Doch deutscher Datenschutz verhindert, dass die beiden Maschinen Daten über ihre Erfolge austauschen. Was für ein Unsinn, denn das würde die KI in den Maschinen besser machen. Das weiß jeder. Datenschutz muss feiner justiert werden.

Wie blicken die Menschen auf Datenschutz

Wie sieht es denn bei den Menschen aus: Ist denen Datenschutz auch wichtig?

Prinzipiell schon, aber es kommt auch darauf an. Wir erinnern uns an den ersten Aufschrei, als die „Corona Warn App“ an den Start gegangen ist. Es gab aus unterschiedlichsten Quellen und lautstark Bedenken wegen Datenschutz – obwohl der Einsatzzweck in dieser Lage gegeben war, wurden Missbrauchsszenarien für meinen Geschmack hochgespielt.

Und es gibt viele ähnliche Fälle. Viel zu selten wird gefragt: Wofür sind die Daten nötig? Wenn der Staat oder eine öffentliche Behörde sie möchte, gibt es einen Aufschrei. Gleichzeitig ist das Maß an Bedenkenlosigkeit bei Facebook und Instagram nahezu grenzenlos.

Die meisten Menschen wissen zwar, was die US-Konzerne alles mit den Daten anstellen. Und es entstehen wirklich gläserne Profile. Aber das ist den Menschen egal. Ein Effekt, der „Data Privacy Paradox“ genannt wird – „Datenschutzparadox“.

Es gibt also ein äußerst diffuses Bild, wann und unter welchen Umständen welche Daten heilig sind – und wann es völlig egal zu sein scheint, wenn die Daten in Umlauf kommen. Generell kann man aber sagen, dass Menschen in Deutschland Datenschutz wichtiger ist als den Menschen in den USA.

CyberGhost VPN

Selbst für Datenschutz sorgen

Manche stellen sich die Frage: Wenn ich persönlich für mich beschließe: Datenschutz ist mir wichtig. Was kann ich dann eigentlich machen, um meine Daten zu schützen?

Die Antwort ist: Datensparsamkeit.
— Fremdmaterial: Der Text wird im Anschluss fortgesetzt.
(* Let $G$ be a locally compact abelian group (written additively) not reduced to its neutral element $0$, $E$ an $\mathbb{R}$-group, and $\mathcal{H}=(H_\varepsilon)_{\varepsilon\in E}$ a continuous absorptive action of $E$ on $G$ compatible with the group operation, i.e. $H_\varepsilon(x+y)=H_\varepsilon(x)+H_\varepsilon(y)$ for all $x,y\in G$, $\varepsilon\in E$. Then: (i) the center of $\mathcal{H}$ is $0$; (ii) $G$ is metrizable; (iii) $G$ is $\sigma$-compact, noncompact and nondiscrete; (iv) any Haar measure $\lambda$ on $G$ is nontrivial and $\mathcal{H}$-homogeneous.
   Context: An $\mathbb{R}$-group is an abelian group $E$ (operation written multiplicatively) whose underlying set is a subset of $\mathbb{R}$ containing all positive integers, such that: (RG1) with the natural order of $\mathbb{R}$, $E$ is a totally ordered group; (RG2) with the topology induced from $\mathbb{R}$, $E$ is a locally compact group; (RG3) there is a nonconstant continuous homomorphism $h:E\to\mathbb{R}_+^*$ such that for every $\alpha\in E$ the set $\{\varepsilon\in E:\varepsilon\ge\alpha\}$ is integrable for $h\cdot m$, $m$ a Haar measure on $E$. $e$ is the identity of $E$, $\varepsilon^{-1}$ the group inverse; inequalities refer to the order of $\mathbb{R}$. An action of $E$ on $X$ is a family $(H_\varepsilon)_{\varepsilon\in E}$ of bijections of $X$ with $H_\varepsilon\circ H_{\varepsilon'}=H_{\varepsilon\varepsilon'}$, $H_e=\mathrm{id}_X$; continuous if $(\varepsilon,x)\mapsto H_\varepsilon(x)$ is continuous on $E\times X$; absorptive if some $\omega\in X$ satisfies: for every neighbourhood $V$ of $\omega$ and every $x\in X$ there are a neighbourhood $U$ of $x$ and $\alpha\in E$ with $H_{\varepsilon^{-1}}(U)\subset V$ for all $\varepsilon\le\alpha$; this $\omega$ is unique and called the center. A positive Radon measure $\lambda$ is $\mathcal{H}$-homogeneous if for each $\varepsilon$ there is $c(\varepsilon)>0$ with $\int\varphi(H_\varepsilon(x))d\lambda(x)=c(\varepsilon)\int\varphi\,d\lambda$ for all compactly supported continuous $\varphi$; it is nontrivial if $\lambda\ne0$ and $\lambda\ne\delta_\omega$ ($\omega$ the center). *)

theory Defs
  imports "HOL-Analysis.Analysis" "HOL-Probability.Probability"
begin

definition radon_on :: "'a::topological_space set \<Rightarrow> 'a measure \<Rightarrow> bool" where
  "radon_on S M \<longleftrightarrow>
     space M = S \<and> sets M = sets (restrict_space borel S) \<and>
     (\<forall>K. compact K \<and> K \<subseteq> S \<longrightarrow> emeasure M K < \<infinity>) \<and>
     (\<forall>A\<in>sets M. emeasure M A =
        (INF U\<in>{U. openin (top_of_set S) U \<and> A \<subseteq> U}. emeasure M U)) \<and>
     (\<forall>U. openin (top_of_set S) U \<longrightarrow>
        emeasure M U = (SUP K\<in>{K. compact K \<and> K \<subseteq> U}. emeasure M K))"

definition haar_on :: "'a::topological_space set \<Rightarrow> ('a \<Rightarrow> 'a \<Rightarrow> 'a) \<Rightarrow> 'a measure \<Rightarrow> bool" where
  "haar_on S f M \<longleftrightarrow>
     radon_on S M \<and> (\<exists>A\<in>sets M. emeasure M A \<noteq> 0) \<and>
     (\<forall>g\<in>S. \<forall>A\<in>sets M. emeasure M (f g ` A) = emeasure M A)"

definition R_group :: "real set \<Rightarrow> (real \<Rightarrow> real \<Rightarrow> real) \<Rightarrow> real \<Rightarrow> (real \<Rightarrow> real) \<Rightarrow> bool" where
  "R_group E emul eone einv \<longleftrightarrow>
     (\<forall>n::nat. n \<ge> 1 \<longrightarrow> real n \<in> E) \<and>
     (\<forall>x\<in>E. \<forall>y\<in>E. emul x y \<in> E) \<and>
     (\<forall>x\<in>E. \<forall>y\<in>E. \<forall>z\<in>E. emul (emul x y) z = emul x (emul y z)) \<and>
     (\<forall>x\<in>E. \<forall>y\<in>E. emul x y = emul y x) \<and>
     eone \<in> E \<and> (\<forall>x\<in>E. emul eone x = x) \<and>
     (\<forall>x\<in>E. einv x \<in> E \<and> emul (einv x) x = eone) \<and>
     \<comment> \<open>(RG1) totally ordered group for the order of \<real>\<close>
     (\<forall>x\<in>E. \<forall>y\<in>E. \<forall>z\<in>E. x \<le> y \<longrightarrow> emul z x \<le> emul z y) \<and>
     \<comment> \<open>(RG2) locally compact (topological) group for the induced topology\<close>
     continuous_on (E \<times> E) (\<lambda>(x, y). emul x y) \<and> continuous_on E einv \<and>
     locally_compact_space (top_of_set E) \<and>
     \<comment> \<open>(RG3)\<close>
     (\<exists>h::real \<Rightarrow> real. continuous_on E h \<and> (\<forall>x\<in>E. h x > 0) \<and>
        (\<forall>x\<in>E. \<forall>y\<in>E. h (emul x y) = h x * h y) \<and>
        (\<exists>x\<in>E. \<exists>y\<in>E. h x \<noteq> h y) \<and>
        (\<exists>m. haar_on E emul m \<and>
           (\<forall>\<alpha>\<in>E. set_integrable m {\<epsilon>\<in>E. \<epsilon> \<ge> \<alpha>} h)))"

definition group_action :: "real set \<Rightarrow> (real \<Rightarrow> real \<Rightarrow> real) \<Rightarrow> real \<Rightarrow>
    (real \<Rightarrow> 'g \<Rightarrow> 'g) \<Rightarrow> bool" where
  "group_action E emul eone H \<longleftrightarrow>
     (\<forall>\<epsilon>\<in>E. bij (H \<epsilon>)) \<and>
     (\<forall>\<epsilon>\<in>E. \<forall>\<epsilon>'\<in>E. H \<epsilon> \<circ> H \<epsilon>' = H (emul \<epsilon> \<epsilon>')) \<and>
     H eone = id"

definition continuous_action :: "real set \<Rightarrow> (real \<Rightarrow> 'g::topological_space \<Rightarrow> 'g) \<Rightarrow> bool" where
  "continuous_action E H \<longleftrightarrow> continuous_on (E \<times> UNIV) (\<lambda>(\<epsilon>, x). H \<epsilon> x)"

text \<open>omega is an absorbing point (a center) of the action; neighbourhoods may
  equivalently be taken open.\<close>
definition absorbing_point :: "real set \<Rightarrow> (real \<Rightarrow> real) \<Rightarrow>
    (real \<Rightarrow> 'g::topological_space \<Rightarrow> 'g) \<Rightarrow> 'g \<Rightarrow> bool" where
  "absorbing_point E einv H \<omega> \<longleftrightarrow>
     (\<forall>V. open V \<and> \<omega> \<in> V \<longrightarrow>
        (\<forall>x. \<exists>U \<alpha>. open U \<and> x \<in> U \<and> \<alpha> \<in> E \<and>
              (\<forall>\<epsilon>\<in>E. \<epsilon> \<le> \<alpha> \<longrightarrow> H (einv \<epsilon>) ` U \<subseteq> V)))"

definition absorptive :: "real set \<Rightarrow> (real \<Rightarrow> real) \<Rightarrow> (real \<Rightarrow> 'g::topological_space \<Rightarrow> 'g) \<Rightarrow> bool" where
  "absorptive E einv H \<longleftrightarrow> (\<exists>\<omega>. absorbing_point E einv H \<omega>)"

definition action_center :: "real set \<Rightarrow> (real \<Rightarrow> real) \<Rightarrow> (real \<Rightarrow> 'g::topological_space \<Rightarrow> 'g) \<Rightarrow> 'g" where
  "action_center E einv H = (THE \<omega>. absorbing_point E einv H \<omega>)"

definition homogeneous_measure :: "real set \<Rightarrow> (real \<Rightarrow> 'g::topological_space \<Rightarrow> 'g) \<Rightarrow> 'g measure \<Rightarrow> bool" where
  "homogeneous_measure E H lam \<longleftrightarrow>
     (\<forall>\<epsilon>\<in>E. \<exists>c::real. c > 0 \<and>
        (\<forall>\<phi>::'g \<Rightarrow> real. continuous_on UNIV \<phi> \<and> compact (closure {x. \<phi> x \<noteq> 0}) \<longrightarrow>
           (\<integral>x. \<phi> (H \<epsilon> x) \<partial>lam) = c * (\<integral>x. \<phi> x \<partial>lam)))"

definition nontrivial_measure :: "real set \<Rightarrow> (real \<Rightarrow> real) \<Rightarrow> (real \<Rightarrow> 'g::topological_space \<Rightarrow> 'g) \<Rightarrow>
    'g measure \<Rightarrow> bool" where
  "nontrivial_measure E einv H lam \<longleftrightarrow>
     (\<exists>A\<in>sets lam. emeasure lam A \<noteq> 0) \<and>
     (\<exists>A\<in>sets lam. emeasure lam A \<noteq> indicator A (action_center E einv H))"

definition sigma_compact :: "'a::topological_space set \<Rightarrow> bool" where
  "sigma_compact S \<longleftrightarrow> (\<exists>K::nat \<Rightarrow> 'a set. (\<forall>n. compact (K n)) \<and> (\<Union>n. K n) = S)"

end

theory Submission
  imports Defs
begin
Das wird einem heute immer schwerer gemacht. Aber so wenige Daten wie möglich von sich preisgeben. Also keine Daten für Preisausschreiben online. Generell Eingabeformulare hinterfragen. Prinzipiell müsste man auf Facebook, Twitter, Tiktok – und sogar Google verzichten.

Und wenn man sie benutzt, sich die Mühe machen und die Datenschutzeinstellungen so präzise und streng wie möglich einstellen. Wer noch einen Schritt weiter gehen möchte, besorgt sich ein „Virtual Private Network“ (VPN). Das sind Programme, die beim Surfen nur verschlüsselt kommunizieren und auf Wunsch auch die eigene IP-Adresse maskieren.

Das bedeutet, dass werbetreibende Netzwerke einen nicht so gut erkennen und tracken können. Auch hinterlässt man dann keine so deutlichen Datenspuren bei den Aktivitäten im Netz. Das bedeutet keine 100-prozetinge Anonymität, aber deutlich weniger Daten für Konzerne und Geheimdienste.